Sementara itu, harga minyak dunia pun kini juga kian “bersahabat”. Karena para produsen minyak terlalu agresif menambah produksi dalam rangka memanfaatkan kenaikan harga minyak (sebelumnya USD 84 per barrel), dikombinasikan dengan melemahnya permintaan karena perekonomian lesu, maka harganya pun kini cuma USD 57 per barrel (Brent) dan USD 48 per barrel (WTI).
Tren harga minyak relatif rendah ini masih akan terjadi sepanjang 2019. Para produsen minyak masih sulit untuk bersepakat untuk memangkas produksinya, terutama AS. Presiden Trump memang ingin harga minyak rendah. Pada saat ini, produsen minyak terbesar ada tiga negara, yakni Saudi, Rusia dan AS. Ketiganya mampu berproduksi 10-11 juta barrel per hari. Kepentingan masing-masing sulit disatukan, beda visi.
Modal lain Indonesia menghadapi 2019 adalah kondisi fiskal. Sri Mulyani Indrawati barusan terpilih menjadi Menteri Keuangan Terbaik dunia 2018 versi majalah The Banker. Ini bukanlah kebetulan. Di tengah gelombang besar ketidakpastian, dia berhasil menjaga kredibilitas fiskal dengan baik. Yang paling mengesankan adalah pendapatan negara bisa tercapai 102,5 persen, sedangkan belanja negara mencapai 99,2 persen. Defisit APBN bisa dipangkas dari Rp 325 triliun menjadi Rp 259 triliun. Keseimbangan primer (penerimaan negara dikurangi belanja, di luar pembayaran bunga utang) hampir nol, tepatnya hanya minus Rp 1,8 triliun. Padahal tahun sebelumnya minus Rp 87 triliun. Ini semua merupakan rekor-rekor baru APBN.
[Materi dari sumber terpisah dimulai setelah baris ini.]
lemma summable_norm_phi_coeff: "summable (\<lambda>k. norm (phi_coeff \<alpha> \<beta> q z k))"
proof -
  define c where "c = (1 + \<bar>\<alpha>\<bar>) / 2"
  have "c < 1" "\<bar>\<alpha>\<bar> < c" using abs_\<alpha>_less_1 by (auto simp: c_def)
  have "(\<lambda>k. norm (phi_coeff_ratio \<alpha> \<beta> q z k)) \<longlonglongrightarrow> norm (of_real \<alpha> :: complex)"
    using phi_coeff_ratio_tendsto q_pos q_less_1 by (intro tendsto_norm)
  then have "eventually (\<lambda>k. norm (phi_coeff_ratio \<alpha> \<beta> q z k) < c) sequentially"
    using \<open>\<bar>\<alpha>\<bar> < c\<close> by (intro order_tendstoD) auto
  then obtain N where N: "\<And>k. k \<ge> N \<Longrightarrow> norm (phi_coeff_ratio \<alpha> \<beta> q z k) \<le> c"
    unfolding eventually_sequentially by (meson less_imp_le)
  show ?thesis
  proof (rule summable_ratio_test[OF \<open>c < 1\<close>])
    fix k assume "k \<ge> N"
    have "norm (phi_coeff \<alpha> \<beta> q z (Suc k))
        = norm (phi_coeff \<alpha> \<beta> q z k) * norm (phi_coeff_ratio \<alpha> \<beta> q z k)"
      by (simp add: phi_coeff_Suc norm_mult)
    also have "\<dots> \<le> norm (phi_coeff \<alpha> \<beta> q z k) * c"
      using N[OF \<open>k \<ge> N\<close>] by (simp add: mult_left_mono)
    finally show "norm (norm (phi_coeff \<alpha> \<beta> q z (Suc k))) \<le> c * norm (norm (phi_coeff \<alpha> \<beta> q z k))"
      by (simp add: mult.commute)
  qed
qed

lemma summable_phi_coeff:
  assumes "norm t \<le> 1"
  shows "summable (\<lambda>k. phi_coeff \<alpha> \<beta> q z k * t ^ k)"
  by (rule summable_comparison_test'[OF summable_norm_phi_coeff, of 0])
     (use assms in \<open>auto simp: norm_mult norm_power intro!: mult_left_le power_le_one\<close>)

lemma phi_sums:
  assumes "norm t \<le> 1"
  shows "(\<lambda>k. phi_coeff \<alpha> \<beta> q z k * t ^ k) sums phi \<alpha> \<beta> q z t"
  unfolding phi_eq_powser using summable_phi_coeff[OF assms] by (rule summable_sums)

lemma phi_power_q_tendsto_1: "(\<lambda>n. phi \<alpha> \<beta> q z (of_real q ^ n)) \<longlonglongrightarrow> 1"
proof -
  have "isCont (\<lambda>t. \<Sum>k. phi_coeff \<alpha> \<beta> q z k * t ^ k) 0"
    by (rule isCont_powser[of _ 1]) (use summable_phi_coeff[of 1] in simp_all)
  moreover have "(\<lambda>n. (of_real q :: complex) ^ n) \<longlonglongrightarrow> 0"
    using q_pos q_less_1 by (intro LIMSEQ_power_zero) simp
  ultimately show ?thesis
    unfolding phi_eq_powser using isCont_tendsto_compose by fastforce
qed

lemma phi_q_difference:
  assumes t: "norm t \<le> 1"
  shows "(1 - of_real \<alpha> * t) * (phi \<alpha> \<beta> q z t + z^2 * phi \<alpha> \<beta> q z ((of_real q)^2 * t))
       = (1 + z^2) * (1 - of_real \<beta> * t) * phi \<alpha> \<beta> q z (of_real q * t)"
proof -
  define Q where "Q = (of_real q :: complex)"
  define c where "c = phi_coeff \<alpha> \<beta> q z"
  define P V R where "P = phi \<alpha> \<beta> q z t" "V = phi \<alpha> \<beta> q z (Q * t)" "R = phi \<alpha> \<beta> q z (Q^2 * t)"
  have "norm Q \<le> 1" using q_pos q_less_1 by (simp add: Q_def)
  then have "norm (Q * t) \<le> 1" "norm (Q^2 * t) \<le> 1"
    using t by (auto simp: norm_mult norm_power intro!: mult_le_one power_le_one)
  then have sums: "(\<lambda>k. c k * t^k) sums P" "(\<lambda>k. c k * (Q * t)^k) sums V" "(\<lambda>k. c k * (Q^2 * t)^k) sums R"
    unfolding c_def P_V_R_def using phi_sums t by blast+
  define g where "g k = c k * t^k * ((1 - Q^k) * (1 - z^2 * Q^k))" for k
  have "g = (\<lambda>k. c k * t^k - (1 + z^2) * (c k * (Q * t)^k) + z^2 * (c k * (Q^2 * t)^k))"
    by (simp add: fun_eq_iff g_def power_mult_distrib power2_eq_square algebra_simps)
  then have g_sums: "g sums (P - (1 + z^2) * V + z^2 * R)"
    by (simp only:) (intro sums_add sums_diff sums_mult sums)
  have g_Suc: "g (Suc k) = t * (of_real \<alpha> * (c k * t^k) - of_real \<beta> * (1 + z^2) * (c k * (Q * t)^k)
        + of_real \<alpha> * z^2 * (c k * (Q^2 * t)^k))" for k
  proof -
    have "g (Suc k) = c (Suc k) * ((1 - of_real q * z^2 * of_real q ^ k) * (1 - of_real q * of_real q ^ k)) * t ^ Suc k"
      by (simp add: g_def Q_def algebra_simps)
    also have "\<dots> = c k * (of_real \<alpha> * (1 + z^2 * Q ^ (2*k)) - of_real \<beta> * Q ^ k * (1 + z^2)) * t ^ Suc k"
      unfolding c_def phi_coeff_Suc_mult_denom Q_def ..
    also have "Q ^ (2*k) = Q^k * Q^k"
      by (simp add: mult_2 power_add)
    finally show ?thesis
      by (simp add: power_mult_distrib power2_eq_square algebra_simps)
  qed
  then have "(\<lambda>k. g (Suc k)) sums (t * (of_real \<alpha> * P - of_real \<beta> * (1 + z^2) * V + of_real \<alpha> * z^2 * R))"
    unfolding g_Suc by (intro sums_add sums_diff sums_mult sums)
  then have "g sums (t * (of_real \<alpha> * P - of_real \<beta> * (1 + z^2) * V + of_real \<alpha> * z^2 * R))"
    by (subst (asm) sums_Suc_iff) (simp add: g_def)
  with g_sums have "P - (1 + z^2) * V + z^2 * R
      = t * (of_real \<alpha> * P - of_real \<beta> * (1 + z^2) * V + of_real \<alpha> * z^2 * R)"
    by (rule sums_unique2)
  then show ?thesis
    unfolding P_V_R_def Q_def by (simp add: algebra_simps)
qed

lemma solves_recurrence_phi:
  assumes "z \<noteq> 0"
  shows "solves_recurrence (\<lambda>k. 1 - of_real \<alpha> * of_real q ^ k)
           (\<lambda>k. (z + inverse z) * (1 - of_real \<beta> * of_real q ^ k))
           (\<lambda>k. z ^ k * phi \<alpha> \<beta> q z (of_real q ^ k))"
  unfolding solves_recurrence_def
proof
  fix k
  let ?a = "1 - of_real \<alpha> * of_real q ^ k :: complex"
  let ?b = "1 - of_real \<beta> * of_real q ^ k :: complex"
  let ?A = "\<lambda>j. phi \<alpha> \<beta> q z (of_real q ^ j)"
  have "norm ((of_real q :: complex) ^ k) \<le> 1"
    using q_pos q_less_1 by (simp add: norm_power power_le_one)
  from phi_q_difference[OF this]
  have qd: "?a * (?A k + z^2 * ?A (Suc (Suc k))) = (1 + z^2) * ?b * ?A (Suc k)"
    by (simp add: power2_eq_square mult.assoc)
  have "?a * (z ^ Suc (Suc k) * ?A (Suc (Suc k)) + z ^ k * ?A k)
      = z ^ k * (?a * (?A k + z^2 * ?A (Suc (Suc k))))"
    by (simp add: power2_eq_square algebra_simps)
  also have "\<dots> = (z + inverse z) * ?b * (z ^ Suc k * ?A (Suc k))"
    unfolding qd using assms by (simp add: field_simps power2_eq_square)
  finally show "?a * (z ^ Suc (Suc k) * ?A (Suc (Suc k)) + z ^ k * ?A k)
      = (z + inverse z) * ?b * (z ^ Suc k * ?A (Suc k))" .
qed

end

lemma exceptional_inverse: "exceptional q (inverse z) \<longleftrightarrow> exceptional q z"
proof -
  have "inverse z ^ 2 = of_real q powi m \<longleftrightarrow> z ^ 2 = of_real q powi (- m)" for m
    by (metis inverse_inverse_eq power_int_minus power_inverse)
  then show ?thesis
    unfolding exceptional_def by (metis minus_minus)
qed

lemma not_exceptional_denom_nonzero:
  assumes "\<not> exceptional q z"
  shows "1 - of_real q * z^2 * of_real q ^ j \<noteq> 0"
proof
  assume "1 - of_real q * z^2 * of_real q ^ j = 0"
  then have "of_real q ^ Suc j * z^2 = 1"
    by (simp add: algebra_simps)
  then have "z^2 = inverse (of_real q ^ Suc j)"
    by (metis inverse_unique)
  also have "\<dots> = of_real q powi (- int (Suc j))"
    by (simp only: power_int_minus power_int_of_nat)
  finally have "z^2 = of_real q powi (- int (Suc j))" .
  with assms show False
    unfolding exceptional_def by blast
qed

locale non_exceptional_point =
  fixes q \<alpha> \<beta> :: real and z :: complex
  assumes q_pos: "0 < q" and q_less_1: "q < 1" and abs_\<alpha>_less_1: "\<bar>\<alpha>\<bar> < 1"
    and z_nonzero: "z \<noteq> 0" and not_exceptional: "\<not> exceptional q z"
begin

sublocale Z: phi_parameters q \<alpha> \<beta> z
  using q_pos q_less_1 abs_\<alpha>_less_1 not_exceptional_denom_nonzero[OF not_exceptional]
  by unfold_locales auto

sublocale W: phi_parameters q \<alpha> \<beta> "inverse z"
  using q_pos q_less_1 abs_\<alpha>_less_1 not_exceptional not_exceptional_denom_nonzero[of q "inverse z"]
  by unfold_locales (auto simp: exceptional_inverse)

lemma solves_recurrence_phi_inverse:
  "solves_recurrence (\<lambda>k. 1 - of_real \<alpha> * of_real q ^ k)
     (\<lambda>k. (z + inverse z) * (1 - of_real \<beta> * of_real q ^ k))
     (\<lambda>k. inverse z ^ k * phi \<alpha> \<beta> q (inverse z) (of_real q ^ k))"
  using W.solves_recurrence_phi z_nonzero by (simp add: add.commute)

lemma phi_casoratian:
  "inverse z * phi \<alpha> \<beta> q z 1 * phi \<alpha> \<beta> q (inverse z) (of_real q)
   - z * phi \<alpha> \<beta> q z (of_real q) * phi \<alpha> \<beta> q (inverse z) 1 = inverse z - z"
proof -
  define A B where "A = phi \<alpha> \<beta> q z" "B = phi \<alpha> \<beta> q (inverse z)"
  define u v where "u k = z ^ k * A (of_real q ^ k)" "v k = inverse z ^ k * B (of_real q ^ k)" for k
  have cas: "casoratian u v k = inverse z * A (of_real q ^ k) * B (of_real q ^ Suc k)
                               - z * A (of_real q ^ Suc k) * B (of_real q ^ k)" for k
    using z_nonzero by (simp add: casoratian_def u_v_def power_inverse field_simps)
  have "1 - of_real \<alpha> * of_real q ^ k \<noteq> (0::complex)" for k
    using one_minus_of_real_mult_power_neq_zero[of \<alpha> q k] q_pos q_less_1 abs_\<alpha>_less_1 by simp
  then have const: "casoratian u v k = casoratian u v 0" for k
    using casoratian_const Z.solves_recurrence_phi[OF z_nonzero] solves_recurrence_phi_inverse
    unfolding u_v_def A_B_def by blast
  have "casoratian u v \<longlonglongrightarrow> inverse z * 1 * 1 - z * 1 * 1"
    unfolding cas[abs_def] A_B_def
    by (intro tendsto_intros Z.phi_power_q_tendsto_1 W.phi_power_q_tendsto_1 LIMSEQ_Suc)
  moreover have "casoratian u v \<longlonglongrightarrow> casoratian u v 0"
    by (rule Lim_transform_eventually[OF tendsto_const]) (intro always_eventually allI, rule const[symmetric])
  ultimately have "casoratian u v 0 = inverse z - z"
    using LIMSEQ_unique by fastforce
  then show ?thesis
    using cas[of 0] by (simp add: A_B_def)
qed

lemma pol_eq_rhs:
  assumes "\<beta> < 1" "n \<ge> -1"
  shows "pol n \<alpha> \<beta> q (z + inverse z) = rhs n \<alpha> \<beta> q z"
proof -
  obtain m where n: "n + 1 = int m"
    using assms(2) zero_le_imp_eq_int[of "n + 1"] by auto
  define A B where "A = phi \<alpha> \<beta> q z" "B = phi \<alpha> \<beta> q (inverse z)"
  define Y where "Y k = A 1 * (inverse z ^ k * B (of_real q ^ k)) - B 1 * (z ^ k * A (of_real q ^ k))" for k
  have "solves_recurrence (\<lambda>k. 1 - of_real \<alpha> * of_real q ^ k)
          (\<lambda>k. (z + inverse z) * (1 - of_real \<beta> * of_real q ^ k)) Y"
    unfolding Y_def A_B_def
    using solves_recurrence_phi_inverse Z.solves_recurrence_phi[OF z_nonzero]
    by (rule solves_recurrence_diff)
  moreover have "Y 0 = 0" by (simp add: Y_def)
  moreover have "1 - of_real \<beta> * of_real q ^ k \<noteq> (0::complex)" for k
    using one_minus_of_real_mult_power_neq_zero[of \<beta> q k] assms(1) q_pos q_less_1 by simp
  ultimately have pp_sol: "Y 1 * pp \<alpha> \<beta> q (Suc k) (z + inverse z)
      = qpoch (of_real \<alpha>) (of_real q) k / qpoch (of_real \<beta>) (of_real q) k * Y (Suc k)" for k
    by (rule pp_Suc_eq_recurrence_solution)
  have Y1: "Y 1 = inverse z - z"
    using phi_casoratian by (simp add: Y_def A_B_def algebra_simps)
  have "z^2 \<noteq> of_real q powi 0"
    using not_exceptional unfolding exceptional_def by blast
  then have "Y 1 \<noteq> 0"
    using z_nonzero unfolding Y1 by (auto simp: field_simps power2_eq_square)
  show ?thesis
  proof (cases m)
    case 0
    then have "n = -1" using n by simp
    then show ?thesis by (simp add: pol_def rhs_def)
  next
    case (Suc k)
    then have "n = int k" using n by simp
    have "- n - 1 = - int (Suc k)" "n + 1 = int (Suc k)"
      using \<open>n = int k\<close> by simp_all
    then have "z powi (- n - 1) = inverse z ^ Suc k" "z powi (n + 1) = z ^ Suc k"
      by (simp_all only: power_int_minus power_int_of_nat power_inverse)
    moreover have "nat (n + 1) = Suc k"
      using \<open>n = int k\<close> by simp
    ultimately have "rhs n \<alpha> \<beta> q z
        = 1 / Y 1 * (qpoch (of_real \<alpha>) (of_real q) k / qpoch (of_real \<beta>) (of_real q) k * Y (Suc k))"
      using \<open>n = int k\<close> unfolding Y1 by (simp add: rhs_def qpochZ_def Y_def A_B_def mult_ac)
    also have "\<dots> = 1 / Y 1 * (Y 1 * pp \<alpha> \<beta> q (Suc k) (z + inverse z))"
      by (simp only: pp_sol)
    also have "\<dots> = pol n \<alpha> \<beta> q (z + inverse z)"
      using \<open>Y 1 \<noteq> 0\<close> \<open>nat (n + 1) = Suc k\<close> by (simp add: pol_def)
    finally show ?thesis ..
  qed
qed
Pertumbuhan pajak 14,3 persen merupakan tertinggi sejak 12,5 persen (2012), sedangkan tax ratio (rasio penerimaan pajak terhadap PDB) naik signifikan ke 11,5 persen. Ini terjadi berkat landasan reformasi pajak (termasuk amnesti pajak) yang mulai membuahkan hasil. Namun Menkeu harus waspada, agar agresivitas pajak tetap harus produktif. Karena jika pengenaan pajak terlalu agresif dan tidak tepat sasaran bisa menyurutkan gairah konsumsi.
Pertumbuhan konsumsi rumah tangga yang kini cuma 5 persen harus didorong di atas 6 persen. Contoh kecil : para dosen di perguruan tinggi mengeluh karena biaya perjalanan dinasnya kini dikenai pajak progresif. Padahal umumnya biaya-biaya tersebut habis dibelanjakan selama perjalanan. Kalau ada sisa, hanya sedikit. Ini perlu dievaluasi.
Berdasarkan (1) perekonomian AS mulai terkoreksi; (2) rupiah menguat; (3) suku bunga BI belum tentu naik; (4) harga minyak dunia terkendali; serta (5) kondisi fiskal kredibel; masih tersisa ruang gerak bagi perekonomian Indonesia untuk tumbuh lebih baik, misalnya 5,3 % pada 2019. Ini bukanlah utopia.
* A. Tony Prasetiantono, Kepala Pusat Studi Ekonomi dan Kebijakan Publik UGM; Faculty Member Bank Indonesia Institute.